This behavior also occurs when a1=code(n) for n=0...8,13...31,127
[These latter characters are not printable, but code(173) does occur in printed text.]
[In all cases ISTEXT(A1) returns TRUE.]
Operating System: Windows (other)
Version: 3.6.2.2 release
Comment 1 m_a_riosv 2012-12-29 01:06:05 UTC
Hi David,

I think for this and other cases is there the EXACT() function, which is always false comparing any character against null, except with a blank cell.

I guess the soft hyphenation has a special meaning, so it is treated as null.

I do not think this is a bug.
Comment 2 Owen Genat (retired) 2013-04-29 05:46:11 UTC
Created attachment 78588 [details]
Example spreadsheet showing comparisons

I am not sure if this constitutes a confirmation of this bug or not. I agree with mariosv that the EXACT() function is the preferred method for string comparison. It would seem to me that comparisons via raw equality (equals sign) of the empty string "" with CHAR() and UNICHAR() output are, for some reason, variable i.e., dependent upon the character in question being compared.

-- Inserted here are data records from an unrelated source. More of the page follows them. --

(* Let $G$ be a finite group acting transitively on a finite set $X$, fix $x_0\in X$, let $H=G_{x_0}$, and let $K\subset G$ be a regular subgroup. Let $H$ act on $K$ by $h\cdot k=k'$ iff $hk\cdot x_0=k'\cdot x_0$, and let $L^2(K)^H=\{\varphi\colon K\to\mathbb{C}:\varphi(h\cdot k)=\varphi(k)\ \forall h\in H,k\in K\}$. Then $L^2(K)^H$ is a $*$-subalgebra of $L^2(K)$ (with convolution $(\varphi_1*\varphi_2)(k)=\sum_{k'\in K}\varphi_1(k')\varphi_2(k'^{-1}k)$ and involution $\varphi^*(k)=\overline{\varphi(k^{-1})}$), and the map $A\mapsto \tilde\varphi_A$, $\tilde\varphi_A(k)=A_{x_0,k\cdot x_0}$ ($k\in K$), is a $*$-algebra isomorphism from $\mathscr{A}$ onto $L^2(K)^H$.
   Context: $\mathscr{A}$ denotes the $*$-algebra (under matrix multiplication and conjugate transpose) of complex $X\times X$ matrices $M$ with $M_{g\cdot x,g\cdot y}=M_{x,y}$ for all $g\in G$, $x,y\in X$. A subgroup $K\subset G$ is regular if it acts transitively on $X$ with trivial point stabilizers. *)

theory Defs
  imports "HOL-Algebra.Group_Action" "HOL-Analysis.Analysis"
begin

text \<open>Matrices indexed by the finite set X are functions X \<Rightarrow> X \<Rightarrow> complex,
  normalised to be 0 outside X \<times> X.\<close>

definition mat_on :: "'x set \<Rightarrow> ('x \<Rightarrow> 'x \<Rightarrow> complex) set" where
  "mat_on X = {M. \<forall>x y. (x \<notin> X \<or> y \<notin> X) \<longrightarrow> M x y = 0}"

definition mat_mult :: "'x set \<Rightarrow> ('x \<Rightarrow> 'x \<Rightarrow> complex) \<Rightarrow> ('x \<Rightarrow> 'x \<Rightarrow> complex) \<Rightarrow> ('x \<Rightarrow> 'x \<Rightarrow> complex)" where
  "mat_mult X A B = (\<lambda>x y. if x \<in> X \<and> y \<in> X then (\<Sum>z\<in>X. A x z * B z y) else 0)"

definition mat_star :: "'x set \<Rightarrow> ('x \<Rightarrow> 'x \<Rightarrow> complex) \<Rightarrow> ('x \<Rightarrow> 'x \<Rightarrow> complex)" where
  "mat_star X A = (\<lambda>x y. if x \<in> X \<and> y \<in> X then cnj (A y x) else 0)"

definition inv_matrices :: "('g, 'm) monoid_scheme \<Rightarrow> 'x set \<Rightarrow> ('g \<Rightarrow> 'x \<Rightarrow> 'x) \<Rightarrow> ('x \<Rightarrow> 'x \<Rightarrow> complex) set" where
  "inv_matrices G X \<phi> = {M \<in> mat_on X. \<forall>g\<in>carrier G. \<forall>x\<in>X. \<forall>y\<in>X. M (\<phi> g x) (\<phi> g y) = M x y}"

definition regular_subgroup :: "('g, 'm) monoid_scheme \<Rightarrow> 'x set \<Rightarrow> ('g \<Rightarrow> 'x \<Rightarrow> 'x) \<Rightarrow> 'g set \<Rightarrow> bool" where
  "regular_subgroup G X \<phi> K \<longleftrightarrow> subgroup K G
     \<and> (\<forall>x\<in>X. \<forall>y\<in>X. \<exists>k\<in>K. \<phi> k x = y)
     \<and> (\<forall>x\<in>X. \<forall>k\<in>K. \<phi> k x = x \<longrightarrow> k = \<one>\<^bsub>G\<^esub>)"

definition fun_on :: "'g set \<Rightarrow> ('g \<Rightarrow> complex) set" where
  "fun_on K = {f. \<forall>k. k \<notin> K \<longrightarrow> f k = 0}"

definition conv :: "('g, 'm) monoid_scheme \<Rightarrow> 'g set \<Rightarrow> ('g \<Rightarrow> complex) \<Rightarrow> ('g \<Rightarrow> complex) \<Rightarrow> ('g \<Rightarrow> complex)" where
  "conv G K f1 f2 = (\<lambda>k. if k \<in> K then (\<Sum>k'\<in>K. f1 k' * f2 (inv\<^bsub>G\<^esub> k' \<otimes>\<^bsub>G\<^esub> k)) else 0)"

definition fstar :: "('g, 'm) monoid_scheme \<Rightarrow> 'g set \<Rightarrow> ('g \<Rightarrow> complex) \<Rightarrow> ('g \<Rightarrow> complex)" where
  "fstar G K f = (\<lambda>k. if k \<in> K then cnj (f (inv\<^bsub>G\<^esub> k)) else 0)"

definition hact :: "('g, 'm) monoid_scheme \<Rightarrow> ('g \<Rightarrow> 'x \<Rightarrow> 'x) \<Rightarrow> 'g set \<Rightarrow> 'x \<Rightarrow> 'g \<Rightarrow> 'g \<Rightarrow> 'g" where
  "hact G \<phi> K x0 h k = (THE k'. k' \<in> K \<and> \<phi> (h \<otimes>\<^bsub>G\<^esub> k) x0 = \<phi> k' x0)"

definition L2_inv :: "('g, 'm) monoid_scheme \<Rightarrow> ('g \<Rightarrow> 'x \<Rightarrow> 'x) \<Rightarrow> 'g set \<Rightarrow> 'x \<Rightarrow> 'g set \<Rightarrow> ('g \<Rightarrow> complex) set" where
  "L2_inv G \<phi> K x0 H = {f \<in> fun_on K. \<forall>h\<in>H. \<forall>k\<in>K. f (hact G \<phi> K x0 h k) = f k}"

definition phi_tilde :: "('g \<Rightarrow> 'x \<Rightarrow> 'x) \<Rightarrow> 'g set \<Rightarrow> 'x \<Rightarrow> ('x \<Rightarrow> 'x \<Rightarrow> complex) \<Rightarrow> ('g \<Rightarrow> complex)" where
  "phi_tilde \<phi> K x0 A = (\<lambda>k. if k \<in> K then A x0 (\<phi> k x0) else 0)"

end

theory Submission
  imports Defs
begin

text \<open>Since K acts regularly, k \<mapsto> k \<cdot> x0 identifies K with X. A G-invariant matrix A
  is determined by its row at x0, because A x y = A x0 (k\<inverse> \<cdot> y) for the k \<in> K with
  k \<cdot> x0 = x, and conversely a function on K extends to an invariant matrix in this way exactly
  when it is invariant under the stabiliser H of x0. Under this identification matrix products
  become convolutions and adjoints become the involution of L^2(K); hence L^2(K)^H, being
  the image of the *-algebra \<A>, is itself a *-subalgebra.\<close>

sublocale group_action \<subseteq> group G
  using group_hom group_hom.axioms(1) by blast

context group_action
begin

lemma act_one: "x \<in> E \<Longrightarrow> \<phi> \<one> x = x"
  by (metis id_eq_one restrict_apply')

lemma act_inv_act: "g \<in> carrier G \<Longrightarrow> x \<in> E \<Longrightarrow> \<phi> g (\<phi> (inv g) x) = x"
  using orbit_sym_aux[of "inv g" x "\<phi> (inv g) x"] by simp

lemma inv_matrices_act:
  "A \<in> inv_matrices G E \<phi> \<Longrightarrow> g \<in> carrier G \<Longrightarrow> x \<in> E \<Longrightarrow> y \<in> E \<Longrightarrow> A (\<phi> g x) (\<phi> g y) = A x y"
  by (simp add: inv_matrices_def)

lemma mat_mult_in_inv_matrices:
  assumes A: "A \<in> inv_matrices G E \<phi>" and B: "B \<in> inv_matrices G E \<phi>"
  shows "mat_mult E A B \<in> inv_matrices G E \<phi>"
  unfolding inv_matrices_def
proof (intro CollectI conjI ballI)
  show "mat_mult E A B \<in> mat_on E" by (simp add: mat_on_def mat_mult_def)
next
  fix g x y assume g: "g \<in> carrier G" and x: "x \<in> E" and y: "y \<in> E"
  have "mat_mult E A B (\<phi> g x) (\<phi> g y) = (\<Sum>z\<in>E. A (\<phi> g x) z * B z (\<phi> g y))"
    using g x y surj_prop by (auto simp add: mat_mult_def)
  also have "\<dots> = (\<Sum>z\<in>E. A (\<phi> g x) (\<phi> g z) * B (\<phi> g z) (\<phi> g y))"
    using bij_prop0[OF g] by (intro sum.reindex_bij_betw[symmetric]) (simp add: Bij_def)
  also have "\<dots> = (\<Sum>z\<in>E. A x z * B z y)"
    using inv_matrices_act[OF A g x] inv_matrices_act[OF B g _ y] by (intro sum.cong) simp_all
  also have "\<dots> = mat_mult E A B x y" using x y by (simp add: mat_mult_def)
  finally show "mat_mult E A B (\<phi> g x) (\<phi> g y) = mat_mult E A B x y" .
qed

lemma mat_star_in_inv_matrices:
  assumes A: "A \<in> inv_matrices G E \<phi>"
  shows "mat_star E A \<in> inv_matrices G E \<phi>"
  using A surj_prop by (auto simp add: inv_matrices_def mat_on_def mat_star_def)

end

lemma L2_inv_add_closed:
  "f1 \<in> L2_inv G \<phi> K x0 H \<Longrightarrow> f2 \<in> L2_inv G \<phi> K x0 H \<Longrightarrow> (\<lambda>k. f1 k + f2 k) \<in> L2_inv G \<phi> K x0 H"
  by (simp add: L2_inv_def fun_on_def)

lemma L2_inv_scale_closed: "f \<in> L2_inv G \<phi> K x0 H \<Longrightarrow> (\<lambda>k. c * f k) \<in> L2_inv G \<phi> K x0 H"
  by (simp add: L2_inv_def fun_on_def)

locale regular_subgroup_action = group_action G X \<phi>
  for G (structure) and X :: "'x set" and \<phi> :: "'g \<Rightarrow> 'x \<Rightarrow> 'x" +
  fixes x0 :: 'x and K :: "'g set"
  assumes base_point: "x0 \<in> X" and regular: "regular_subgroup G X \<phi> K"
begin

abbreviation "H \<equiv> stabilizer G \<phi> x0"

lemma subgroup_K: "subgroup K G"
  using regular by (simp add: regular_subgroup_def)

lemma K_carrier: "k \<in> K \<Longrightarrow> k \<in> carrier G"
  using subgroup.mem_carrier[OF subgroup_K] .

lemma orbit_map_bij: "bij_betw (\<lambda>k. \<phi> k x0) K X"
proof (rule bij_betw_imageI)
  show "inj_on (\<lambda>k. \<phi> k x0) K"
  proof (rule inj_onI)
    fix k k' assume k: "k \<in> K" and k': "k' \<in> K" and eq: "\<phi> k x0 = \<phi> k' x0"
    have "inv k' \<otimes> k \<in> K"
      using k k' subgroup_K by (simp add: subgroup.m_closed subgroup.m_inv_closed)
    moreover have "\<phi> (inv k' \<otimes> k) x0 = x0"
      using k k' eq base_point K_carrier by (simp add: composition_rule orbit_sym_aux)
    ultimately have "inv k' \<otimes> k = \<one>"
      using regular base_point by (simp add: regular_subgroup_def)
    then have "k' \<otimes> (inv k' \<otimes> k) = k'" using k' K_carrier by simp
    then show "k = k'" using k k' K_carrier by (simp add: m_assoc[symmetric])
  qed
  show "(\<lambda>k. \<phi> k x0) ` K = X"
  proof
    show "(\<lambda>k. \<phi> k x0) ` K \<subseteq> X" using base_point K_carrier surj_prop by blast
    show "X \<subseteq> (\<lambda>k. \<phi> k x0) ` K"
      using regular base_point by (force simp add: regular_subgroup_def)
  qed
qed

definition transporter :: "'x \<Rightarrow> 'g" where
  "transporter = inv_into K (\<lambda>k. \<phi> k x0)"

lemma transporter_in: "z \<in> X \<Longrightarrow> transporter z \<in> K"
  using bij_betw_inv_into[OF orbit_map_bij] bij_betwE by (fastforce simp add: transporter_def)

lemma transporter_apply: "z \<in> X \<Longrightarrow> \<phi> (transporter z) x0 = z"
  using bij_betw_inv_into_right[OF orbit_map_bij] by (simp add: transporter_def)

lemma transporter_orbit: "k \<in> K \<Longrightarrow> transporter (\<phi> k x0) = k"
  using bij_betw_inv_into_left[OF orbit_map_bij] by (simp add: transporter_def)

lemma orbit_in: "k \<in> K \<Longrightarrow> \<phi> k x0 \<in> X"
  using bij_betwE[OF orbit_map_bij] by blast

lemma hact_eq_transporter:
  assumes h: "h \<in> carrier G" and k: "k \<in> K"
  shows "hact G \<phi> K x0 h k = transporter (\<phi> h (\<phi> k x0))"
proof -
  have z: "\<phi> h (\<phi> k x0) \<in> X" using h orbit_in[OF k] surj_prop by blast
  have hk: "\<phi> (h \<otimes> k) x0 = \<phi> h (\<phi> k x0)"
    using h k K_carrier base_point by (simp add: composition_rule)
  show ?thesis
    unfolding hact_def hk
    using transporter_in[OF z] transporter_apply[OF z] transporter_orbit by (intro the_equality) auto
qed

lemma inv_matrix_eq_base_row:
  assumes A: "A \<in> inv_matrices G X \<phi>" and x: "x \<in> X" and y: "y \<in> X"
  shows "A x y = A x0 (\<phi> (inv (transporter x)) y)"
proof -
  let ?k = "transporter x"
  have k: "?k \<in> carrier G" using K_carrier transporter_in[OF x] .
  have "\<phi> (inv ?k) y \<in> X" using k y surj_prop by blast
  then have "A x0 (\<phi> (inv ?k) y) = A (\<phi> ?k x0) (\<phi> ?k (\<phi> (inv ?k) y))"
    using inv_matrices_act[OF A k base_point] by simp
  also have "\<dots> = A x y" using transporter_apply[OF x] act_inv_act[OF k y] by simp
  finally show ?thesis by simp
qed

text \<open>The inverse of \<open>phi_tilde\<close>: a function on K, read as the row at x0, spread out by
  G-invariance.\<close>
definition matrix_of :: "('g \<Rightarrow> complex) \<Rightarrow> 'x \<Rightarrow> 'x \<Rightarrow> complex" where
  "matrix_of f = (\<lambda>x y. if x \<in> X \<and> y \<in> X then f (transporter (\<phi> (inv (transporter x)) y)) else 0)"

In the attached spreadsheet there are columns for comparison of CHAR() output for characters 0 through 256 (one extra to be certain) against a NULL cell, an empty string cell, and a cell that has been edited (for curiosity sake). This is repeated again for UNICHAR() output for the same range. A comparison of the results of these tests is then made i.e., NULL result for CHAR() test against NULL result for UNICHAR() test.

I have conducted these tests under Ubuntu 10.04 x86_64 running TDF LO v.3.5.7.2 and TDF LO v4.0.2.2. There is no difference in output between the LO versions. As can be seen in the attachment most empty string tests return a FALSE value that is the same as that returned for a NULL value. There are some characters though (0-8, 14-31, 127, 249-251, 254-255 for the CHAR() function and 0-8, 14-31, 127-132, 134-159 for the UNICHAR() function) that return a TRUE value. I have not tested higher Unicode values.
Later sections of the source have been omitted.